#### Material provided ####

lemma abs_le_sqrt_infsum_square:
  fixes f :: "'a \<Rightarrow> real"
  assumes "(\<lambda>x. (f x)^2) summable_on UNIV"
  shows "\<bar>f x\<bar> \<le> sqrt (\<Sum>\<^sub>\<infinity>y. (f y)^2)"
proof -
  have "(f x)^2 \<le> (\<Sum>\<^sub>\<infinity>y. (f y)^2)"
    using finite_sum_le_infsum[OF assms, of "{x}"] by simp
  then show ?thesis
    using real_sqrt_le_mono by fastforce
qed

lemma pos_part_add_neg_part: "pos_part u x + neg_part u x = u x"
  by (simp add: pos_part_def neg_part_def)

lemma pos_part_eq_0_or_neg_part_eq_0: "pos_part u x = 0 \<or> neg_part u x = 0"
  by (simp add: pos_part_def neg_part_def max_def min_def)

lemma square_pos_part_le: "(pos_part u x)^2 \<le> (u x)^2"
  and square_neg_part_le: "(neg_part u x)^2 \<le> (u x)^2"
  by (auto simp: pos_part_def neg_part_def max_def min_def)

text \<open>Pointwise form of K(u) \<le> 0.\<close>

lemma pos_neg_part_increments_nonneg:
  "0 \<le> (pos_part u x - pos_part u y) * (neg_part u x - neg_part u y)"
  by (auto simp: pos_part_def neg_part_def max_def min_def mult_nonneg_nonpos mult_nonpos_nonneg
      intro: mult_nonpos_nonpos)

lemma square_increment_split:
  "(u x - u y)^2 = (pos_part u x - pos_part u y)^2 + (neg_part u x - neg_part u y)^2
     + 2 * ((pos_part u x - pos_part u y) * (neg_part u x - neg_part u y))"
  by (simp add: pos_part_add_neg_part[of u, symmetric] power2_eq_square algebra_simps)

locale sign_split =
  fixes w :: "'d::finite lattice \<Rightarrow> 'd lattice \<Rightarrow> real" and u :: "'d lattice \<Rightarrow> real"
  assumes weight_pos: "\<And>x y. x \<noteq> y \<Longrightarrow> 0 < w x y"
    and in_W_space: "u \<in> W_space w"
begin

abbreviation "P \<equiv> pos_part u"
abbreviation "N \<equiv> neg_part u"

lemma local_energy_summable: "(\<lambda>y. w x y * (u x - u y)^2) summable_on (UNIV - {x})"
  and W_dens_summable: "W_dens w u summable_on UNIV"
  using in_W_space unfolding W_space_def mem_Collect_eq by blast+

lemma square_part_le:
  assumes "f \<in> {P, N}"
  shows "(f x)^2 \<le> (u x)^2"
  using assms square_pos_part_le[of u x] square_neg_part_le[of u x] by blast

lemma increment_products_bounded:
  assumes "f \<in> {P, N}" "g \<in> {P, N}"
  shows "0 \<le> (f x - f y) * (g x - g y)" "(f x - f y) * (g x - g y) \<le> (u x - u y)^2"
proof -
  let ?dP = "P x - P y" and ?dN = "N x - N y"
  have "0 \<le> ?dP * ?dN" "0 \<le> ?dP * ?dP" "0 \<le> ?dN * ?dN"
    using pos_neg_part_increments_nonneg by simp_all
  moreover have "(u x - u y)^2 = ?dP * ?dP + ?dN * ?dN + 2 * (?dP * ?dN)"
    using square_increment_split by (simp add: power2_eq_square)
  ultimately show "0 \<le> (f x - f y) * (g x - g y)" "(f x - f y) * (g x - g y) \<le> (u x - u y)^2"
    using assms by (auto simp: mult.commute[of ?dN ?dP])
qed

lemma grad_terms_summable:
  assumes "f \<in> {P, N}" "g \<in> {P, N}"
  shows "(\<lambda>y. w x y * (f x - f y) * (g x - g y)) summable_on (UNIV - {x})"
  using summable_on_weighted_le[where w = "w x", OF local_energy_summable
      _ increment_products_bounded[OF assms]] weight_pos
  by (simp add: mult.assoc less_imp_le)

lemma grad_prod_nonneg:
  assumes "f \<in> {P, N}" "g \<in> {P, N}"
  shows "0 \<le> grad_prod w f g x"
proof -
  have "0 \<le> w x y * (f x - f y) * (g x - g y)" if "y \<in> UNIV - {x}" for y
    using weight_pos[of x y] increment_products_bounded(1)[OF assms, of x y] that
    by (simp add: mult.assoc)
  then have "0 \<le> (\<Sum>\<^sub>\<infinity>y\<in>UNIV - {x}. w x y * (f x - f y) * (g x - g y))"
    by (rule infsum_nonneg)
  then show ?thesis
    unfolding grad_prod_def by simp
qed

lemma grad_prod_split:
  assumes v: "\<And>x. v x = r * P x + t * N x" and \<phi>: "\<And>x. \<phi> x = r' * P x + t' * N x"
  shows "grad_prod w v \<phi> x
    = r * r' * grad_prod w P P x + t * t' * grad_prod w N N x + (r * t' + t * r') * grad_prod w P N x"
proof -
  let ?S = "\<lambda>f g. \<Sum>\<^sub>\<infinity>y\<in>UNIV - {x}. w x y * (f x - f y) * (g x - g y)"
  have "w x y * (v x - v y) * (\<phi> x - \<phi> y)
      = r * r' * (w x y * (P x - P y) * (P x - P y)) + t * t' * (w x y * (N x - N y) * (N x - N y))
        + (r * t' + t * r') * (w x y * (P x - P y) * (N x - N y))" for y
    by (simp add: v \<phi> algebra_simps)
  then have "((\<lambda>y. w x y * (v x - v y) * (\<phi> x - \<phi> y)) has_sum
      (r * r' * ?S P P + t * t' * ?S N N + (r * t' + t * r') * ?S P N)) (UNIV - {x})"
    by (simp only:) (intro has_sum_add has_sum_cmult_right has_sum_infsum grad_terms_summable; simp)
  then show ?thesis
    by (simp add: grad_prod_def has_sum_iff algebra_simps)
qed

lemma self_as_combination: "u x = 1 * P x + 1 * N x"
  and pos_part_as_combination: "P x = 1 * P x + 0 * N x"
  and neg_part_as_combination: "N x = 0 * P x + 1 * N x"
  by (simp_all add: pos_part_add_neg_part)

lemma grad_prod_self_split:
  "grad_prod w u u x = grad_prod w P P x + grad_prod w N N x + 2 * grad_prod w P N x"
  using grad_prod_split[OF self_as_combination self_as_combination, of x] by simp

lemma grad_prod_part_le:
  assumes "f \<in> {P, N}" "g \<in> {P, N}"
  shows "grad_prod w f g x \<le> grad_prod w u u x"
proof -
  have "grad_prod w N P x = grad_prod w P N x"
    unfolding grad_prod_def by (simp add: mult_ac)
  moreover have "0 \<le> grad_prod w P P x" "0 \<le> grad_prod w N N x" "0 \<le> grad_prod w P N x"
    by (simp_all add: grad_prod_nonneg)
  ultimately show ?thesis
    using assms by (elim insertE emptyE) (simp_all add: grad_prod_self_split)
qed

end

section \<open>The energy of the split\<close>

lemma powr_mult_abs_ln_le:
  fixes a M p :: real
  assumes "0 < a" "a \<le> M" "2 < p"
  shows "a powr (p - 2) * \<bar>ln a\<bar> \<le> 1 / (p - 2) + M powr (p - 1)"
proof (cases "a \<le> 1")
  case True
  define \<epsilon> where "\<epsilon> = p - 2"
  have \<epsilon>: "0 < \<epsilon>" using assms(3) by (simp add: \<epsilon>_def)
  have "- \<epsilon> * ln a \<le> a powr (- \<epsilon>) - 1"
    using ln_le_minus_one[of "a powr (- \<epsilon>)"] assms(1) by (simp add: ln_powr)
  then have "a powr \<epsilon> * (- \<epsilon> * ln a) \<le> a powr \<epsilon> * (a powr (- \<epsilon>) - 1)"
    by (intro mult_left_mono) auto
  also have "\<dots> \<le> 1"
    using assms(1) by (simp add: right_diff_distrib powr_add[symmetric])
  finally have "a powr \<epsilon> * \<bar>ln a\<bar> \<le> 1 / \<epsilon>"
    using True assms(1) \<epsilon> by (simp add: field_simps abs_if)
  then show ?thesis
    by (simp add: \<epsilon>_def add_increasing2)
next
  case False
  have "a powr (p - 2) * \<bar>ln a\<bar> \<le> a powr (p - 2) * a"
    using False ln_le_minus_one[of a] by (intro mult_left_mono) auto
  also have "\<dots> = a powr (p - 1)"
    using assms(1) powr_add[of a "p - 2" 1] by simp
  also have "\<dots> \<le> M powr (p - 1)"
    using assms by (intro powr_mono2) auto
  finally show ?thesis
    using assms(3) by (simp add: add_increasing)
qed

definition pow_log :: "real \<Rightarrow> real \<Rightarrow> real" where
  "pow_log p z = (if z = 0 then 0 else \<bar>z\<bar> powr p * ln (z^2))"

lemma abs_powr_eq_mult_square: "\<bar>z\<bar> powr p = \<bar>z\<bar> powr (p - 2) * z^2"
  for z p :: real
proof (cases "z = 0")
  case False
  have "\<bar>z\<bar> powr (p - 2 + 2) = \<bar>z\<bar> powr (p - 2) * \<bar>z\<bar> powr 2"
    by (rule powr_add)
  then show ?thesis
    using False by (simp add: powr_numeral)
qed simp

lemma nonlin_mult_self: "nonlin p z * z = pow_log p z"
  by (simp add: nonlin_def pow_log_def abs_powr_eq_mult_square[of z p] power2_eq_square mult_ac)

lemma pow_log_scale:
  assumes "0 < r"
  shows "pow_log p (r * z) = r powr p * (pow_log p z + ln (r^2) * \<bar>z\<bar> powr p)"
proof (cases "z = 0")
  case False
  then have "ln ((r * z)^2) = ln (r^2) + ln (z^2)"
    using assms by (simp add: power_mult_distrib ln_mult)
  moreover have "\<bar>r * z\<bar> powr p = r powr p * \<bar>z\<bar> powr p"
    using assms by (simp add: abs_mult powr_mult)
  ultimately show ?thesis
    using False assms by (simp add: pow_log_def algebra_simps)
qed (simp add: pow_log_def)

lemma abs_powr_le_square:
  fixes z M p :: real
  assumes "\<bar>z\<bar> \<le> M" "2 \<le> p"
  shows "\<bar>z\<bar> powr p \<le> M powr (p - 2) * z^2"
  unfolding abs_powr_eq_mult_square[of z p]
  using assms by (intro mult_right_mono powr_mono2) auto

lemma abs_pow_log_le_square:
  fixes z M p :: real
  assumes "\<bar>z\<bar> \<le> M" "2 < p"
  shows "\<bar>pow_log p z\<bar> \<le> 2 * (1 / (p - 2) + M powr (p - 1)) * z^2"
proof (cases "z = 0")
  case False
  have "ln (z^2) = 2 * ln \<bar>z\<bar>"
    using False ln_realpow[of "\<bar>z\<bar>" 2] by simp
  then have "\<bar>pow_log p z\<bar> = 2 * (\<bar>z\<bar> powr (p - 2) * \<bar>ln \<bar>z\<bar>\<bar>) * z^2"
    using False by (simp add: pow_log_def abs_mult abs_powr_eq_mult_square[of z p])
  also have "\<dots> \<le> 2 * (1 / (p - 2) + M powr (p - 1)) * z^2"
    using False assms powr_mult_abs_ln_le[of "\<bar>z\<bar>" M p] by (intro mult_right_mono mult_left_mono) auto
  finally show ?thesis .
qed (simp add: pow_log_def)

locale sign_split_energy = sign_split w u for w :: "'d::finite lattice \<Rightarrow> 'd lattice \<Rightarrow> real" and u +
  fixes h :: "'d lattice \<Rightarrow> real" and p :: real
  assumes potential_nonneg: "\<And>x. 0 \<le> h x"
    and potential_summable: "(\<lambda>x. h x * (u x)^2) summable_on UNIV"
    and p_gt_2: "2 < p"
begin

abbreviation "grad_pos \<equiv> \<Sum>\<^sub>\<infinity>x. grad_prod w P P x"
abbreviation "grad_neg \<equiv> \<Sum>\<^sub>\<infinity>x. grad_prod w N N x"
abbreviation "grad_mixed \<equiv> \<Sum>\<^sub>\<infinity>x. grad_prod w P N x"
abbreviation "potential_pos \<equiv> \<Sum>\<^sub>\<infinity>x. h x * (P x)^2"
abbreviation "potential_neg \<equiv> \<Sum>\<^sub>\<infinity>x. h x * (N x)^2"
abbreviation "powr_pos \<equiv> \<Sum>\<^sub>\<infinity>x. \<bar>P x\<bar> powr p"
abbreviation "powr_neg \<equiv> \<Sum>\<^sub>\<infinity>x. \<bar>N x\<bar> powr p"
abbreviation "pow_log_pos \<equiv> \<Sum>\<^sub>\<infinity>x. pow_log p (P x)"
abbreviation "pow_log_neg \<equiv> \<Sum>\<^sub>\<infinity>x. pow_log p (N x)"

lemma grad_prod_part_summable:
  assumes "f \<in> {P, N}" "g \<in> {P, N}"
  shows "grad_prod w f g summable_on UNIV"
proof -
  have "grad_prod w f g x \<le> W_dens w u x" for x
    using grad_prod_part_le[OF assms, of x] by (simp add: W_dens_def add_increasing2)
  then show ?thesis
    using grad_prod_nonneg[OF assms] by (intro summable_on_comparison_test[OF W_dens_summable])
qed

lemma square_summable: "(\<lambda>x. (u x)^2) summable_on UNIV"
proof -
  have "(u x)^2 \<le> W_dens w u x" for x
    using grad_prod_nonneg[of P P x] grad_prod_nonneg[of N N x] grad_prod_nonneg[of P N x]
      grad_prod_self_split[of x]
    by (simp add: W_dens_def)
  then show ?thesis
    by (rule summable_on_comparison_test[OF W_dens_summable]) simp
qed

lemma potential_part_summable:
  assumes "f \<in> {P, N}"
  shows "(\<lambda>x. h x * (f x)^2) summable_on UNIV"
  using potential_nonneg square_part_le[OF assms]
  by (intro summable_on_weighted_le[OF potential_summable]) auto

####

Task requirements:
Reproduce the lines above, beginning at the line with "N y) * (N x - N y))" and stopping after the line with "(simp add: \<epsilon>_def)", exactly as they are.

Result of the task:
      = r * r' * (w x y * (P x - P y) * (P x - P y)) + t * t' * (w x y * (N x - N y) * (N x - N y))
        + (r * t' + t * r') * (w x y * (P x - P y) * (N x - N y))" for y
    by (simp add: v \<phi> algebra_simps)
  then have "((\<lambda>y. w x y * (v x - v y) * (\<phi> x - \<phi> y)) has_sum
      (r * r' * ?S P P + t * t' * ?S N N + (r * t' + t * r') * ?S P N)) (UNIV - {x})"
    by (simp only:) (intro has_sum_add has_sum_cmult_right has_sum_infsum grad_terms_summable; simp)
  then show ?thesis
    by (simp add: grad_prod_def has_sum_iff algebra_simps)
qed

lemma self_as_combination: "u x = 1 * P x + 1 * N x"
  and pos_part_as_combination: "P x = 1 * P x + 0 * N x"
  and neg_part_as_combination: "N x = 0 * P x + 1 * N x"
  by (simp_all add: pos_part_add_neg_part)

lemma grad_prod_self_split:
  "grad_prod w u u x = grad_prod w P P x + grad_prod w N N x + 2 * grad_prod w P N x"
  using grad_prod_split[OF self_as_combination self_as_combination, of x] by simp

lemma grad_prod_part_le:
  assumes "f \<in> {P, N}" "g \<in> {P, N}"
  shows "grad_prod w f g x \<le> grad_prod w u u x"
proof -
  have "grad_prod w N P x = grad_prod w P N x"
    unfolding grad_prod_def by (simp add: mult_ac)
  moreover have "0 \<le> grad_prod w P P x" "0 \<le> grad_prod w N N x" "0 \<le> grad_prod w P N x"
    by (simp_all add: grad_prod_nonneg)
  ultimately show ?thesis
    using assms by (elim insertE emptyE) (simp_all add: grad_prod_self_split)
qed

end

section \<open>The energy of the split\<close>

lemma powr_mult_abs_ln_le:
  fixes a M p :: real
  assumes "0 < a" "a \<le> M" "2 < p"
  shows "a powr (p - 2) * \<bar>ln a\<bar> \<le> 1 / (p - 2) + M powr (p - 1)"
proof (cases "a \<le> 1")
  case True
  define \<epsilon> where "\<epsilon> = p - 2"
  have \<epsilon>: "0 < \<epsilon>" using assms(3) by (simp add: \<epsilon>_def)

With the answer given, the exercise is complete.